人の話を聞かないPMの末路

処世術 IT業界

IT業界に限った話しではありませんが、人の話を聞かない方はどの業界にでも一定数います。どことなく偉そうにしてて人の助言に耳を傾けない人達の事です。しかし、人の話に耳を傾けないでいると思わぬ落とし穴にハマる確率も高まるし、困った時に助けてもらえなくなります。とくにプロジェクトマネージャー(PM)がこのタイプだったらプロジェクトは立ち行かなくなり、多くの人に迷惑をかけてしまいます。今回は、人の話を聞かないPMが陥りやすい罠についてお話したいと思います。

PMの役割をおさらい

本題に入る前に、まずはPMの役割についておさらいします。PMに求められる役割とは、「予算内および納期内にプロジェクトを完了させる事」です。それさえ出来ればその途中経過はあまり重要ではありません。メンバー内でやりくりが難しいようであれば、機能を丸ごとアウトソーシングしたって構いません。最終的にきちんと完了さえすれば、途中経過に関しては任されているのです。逆に最終的にきちんと完了しなければ叱られます。それがPMの役割であり責務です。

上述の通りプロジェクトには納期があります。それぞれの必要タスクをメンバーと一緒に洗い出し、WBSを作成します。それと同時並行で、全てのタスクが納期内に収まるようスケジュールを作成します。PMはこれらの進捗を管理していくわけですが、やってみるとまぁ面白いほど計画通りには進みません。想定外だらけです。そんな時に、どれだけ早い段階で想定外の事象を拾う事が出来るか?この察知能力こそがPMの生命線です。

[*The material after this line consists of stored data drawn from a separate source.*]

(* Binary vectors of length n are modelled as functions nat => bool, where only
   the coordinates 1..n are relevant (True = 1). *)

definition shiftv :: "nat \<Rightarrow> (nat \<Rightarrow> bool) \<Rightarrow> (nat \<Rightarrow> bool)" where
  "shiftv s c = (\<lambda>i. s < i \<and> c (i - s))"

definition bigor :: "'a set \<Rightarrow> ('a \<Rightarrow> (nat \<Rightarrow> bool)) \<Rightarrow> (nat \<Rightarrow> bool)" where
  "bigor S f = (\<lambda>i. \<exists>u\<in>S. f u i)"

definition orv :: "(nat \<Rightarrow> bool) \<Rightarrow> (nat \<Rightarrow> bool) \<Rightarrow> (nat \<Rightarrow> bool)" where
  "orv y z = (\<lambda>i. y i \<or> z i)"

definition covers :: "nat \<Rightarrow> (nat \<Rightarrow> bool) \<Rightarrow> (nat \<Rightarrow> bool) \<Rightarrow> bool" where
  "covers n y z \<longleftrightarrow> (\<forall>i\<in>{1..n}. z i \<longrightarrow> y i)"

end

theory Submission
  imports Defs "HOL-Real_Asymp.Real_Asymp"
begin

text \<open>
  Random coding. Let all bits of all words be independent Bernoulli(p) variables with
  p = 1/(M+1), and fix a word t, interferers S with shifts s and a self-shift d (d = 0 for
  identification). A one of c_t escapes the at most M interferers with probability at least
  x = p (1-p)^M \<ge> 1/(e (M+1)), so scanning c_t from left to right shows that c_t is covered
  with probability at most (1-x)^n. For d > 0 the earlier bits of c_t are reused by its own
  shifted copy, which destroys this independence; but a potential giving every one of c_t in
  the last d positions the weight \<theta> = 1/(1 - p (1-p)^(M-1)) (only M-1 interferers remain)
  still shrinks by the factor 1-x per position in expectation. A union bound over the at most
  (M+1) T^(M+1) n^(M+1) events then leaves room for a good code as soon as
  n \<ge> (1+\<delta>) e (M+1)^2 ln T and T is large.
\<close>

section \<open>Independent Bernoulli bits\<close>

definition bernoulli_weight :: "real \<Rightarrow> bool \<Rightarrow> real" where
  "bernoulli_weight p b = (if b then p else 1 - p)"

(* Expectation of F over independent Bernoulli(p) bits c a, a \<in> X. Outside X the argument c
   is undefined, so F should only inspect X. *)
definition bernoulli_expect :: "real \<Rightarrow> 'a set \<Rightarrow> (('a \<Rightarrow> bool) \<Rightarrow> real) \<Rightarrow> real" where
  "bernoulli_expect p X F = (\<Sum>c\<in>PiE X (\<lambda>_. UNIV). (\<Prod>a\<in>X. bernoulli_weight p (c a)) * F c)"

lemma bernoulli_expect_empty: "bernoulli_expect p {} F = F (\<lambda>_. undefined)"
  by (simp add: bernoulli_expect_def)

lemma bernoulli_expect_insert:
  assumes "finite X" "a \<notin> X"
  shows "bernoulli_expect p (insert a X) F =
    bernoulli_expect p X (\<lambda>c. (1 - p) * F (c(a := False)) + p * F (c(a := True)))"
proof -
  let ?upd = "\<lambda>(b, c). c(a := b)"
  have inj: "inj_on ?upd (UNIV \<times> PiE X (\<lambda>_. UNIV))"
    using inj_combinator[OF assms(2), of "\<lambda>_. UNIV"] by simp
  have weight: "(\<Prod>z\<in>insert a X. bernoulli_weight p ((c(a := b)) z)) =
      bernoulli_weight p b * (\<Prod>z\<in>X. bernoulli_weight p (c z))" for b c
    using assms by (subst prod.insert) (auto intro!: prod.cong)
  have "bernoulli_expect p (insert a X) F = (\<Sum>(b, c)\<in>UNIV \<times> PiE X (\<lambda>_. UNIV).
      (\<Prod>z\<in>insert a X. bernoulli_weight p ((c(a := b)) z)) * F (c(a := b)))"
    unfolding bernoulli_expect_def PiE_insert_eq
    by (subst sum.reindex[OF inj]) (simp add: case_prod_beta)
  also have "\<dots> = (\<Sum>b\<in>UNIV. \<Sum>c\<in>PiE X (\<lambda>_. UNIV).
      bernoulli_weight p b * (\<Prod>z\<in>X. bernoulli_weight p (c z)) * F (c(a := b)))"
    unfolding sum.cartesian_product by (intro sum.cong refl) (auto simp del: fun_upd_apply simp: weight)
  also have "\<dots> = bernoulli_expect p X (\<lambda>c. (1 - p) * F (c(a := False)) + p * F (c(a := True)))"
    unfolding bernoulli_expect_def UNIV_bool
    by (simp add: flip: sum.distrib) (intro sum.cong refl, simp add: algebra_simps bernoulli_weight_def)
  finally show ?thesis .
qed

lemma bernoulli_expect_cong:
  assumes "\<And>c. c \<in> PiE X (\<lambda>_. UNIV) \<Longrightarrow> F c = G c"
  shows "bernoulli_expect p X F = bernoulli_expect p X G"
  unfolding bernoulli_expect_def using assms by (intro sum.cong) auto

この察知能力は経験数で強化していくことは可能ですが、とはいえ、メンバーからの情報収集が基本となります。大きなプロジェクトであるほど、メンバーから情報を集める必要性が増してきます。自分の目に見える範囲内で想定外を拾うのには限界があるからです。メンバーからのシグナルに耳を傾ける事が出来るか否かが察知能力に影響を及ぼし、延いてはプロジェクト成功の可否に直結するわけです。

マネジメントスキルより大切なもの

人の話を聞かないPMのパターンを見ていると、「PM=権力者」と勘違いしている方がとても多いです。自分自身が上下関係の上位側にいると勘違いしているので、他のメンバーに対して高圧的です。こんな状態では、メンバーはプロジェクトに関心が無くなり、自分に割り当てられたタスクをこなすだけになります。その結果、タスク間にエアポケットが発生します。メンバーがその事に気がついても、人の話を聞かないPMに進言することはありません。その小さい火種は後になるほど大きな炎となり、文字通り炎上していくわけです。

ぼくは職業柄、IT投資の立案責任者としてPMの任命責任も負うのですが、毎回アサイン可能なPMリストを眺めていると、同じメンツが売れ残っている事に気づきます。彼らには共通点があり、上述の通りPMの役割を勘違いしています。その行動パターンとして人の話に耳を傾けないので危険の察知能力が低く、プロジェクトが失敗する可能性が増します。したがって、大きいプロジェクトを任せることは出来ません。リスクが限定される小規模なプロジェクトを転々としてもらう程度しか、彼らの活用方法がないのです。

PMとして一人前になるためには、マネジメントスキルを身につけることも必要ですが、それ以前に総合的な人間力の方が大事です。PMBOKを学んで理論武装するのも構いませんが、それより先に道徳です。人は理屈では動いてくれません。まずは人の話に耳を傾ける。メンバーを尊重し、発言しやすい環境を整える。問題を察知したら1人で抱え込まずに、有識者を巻き込んで解決に向け働きかける。それが出来ないPMに居場所はありません。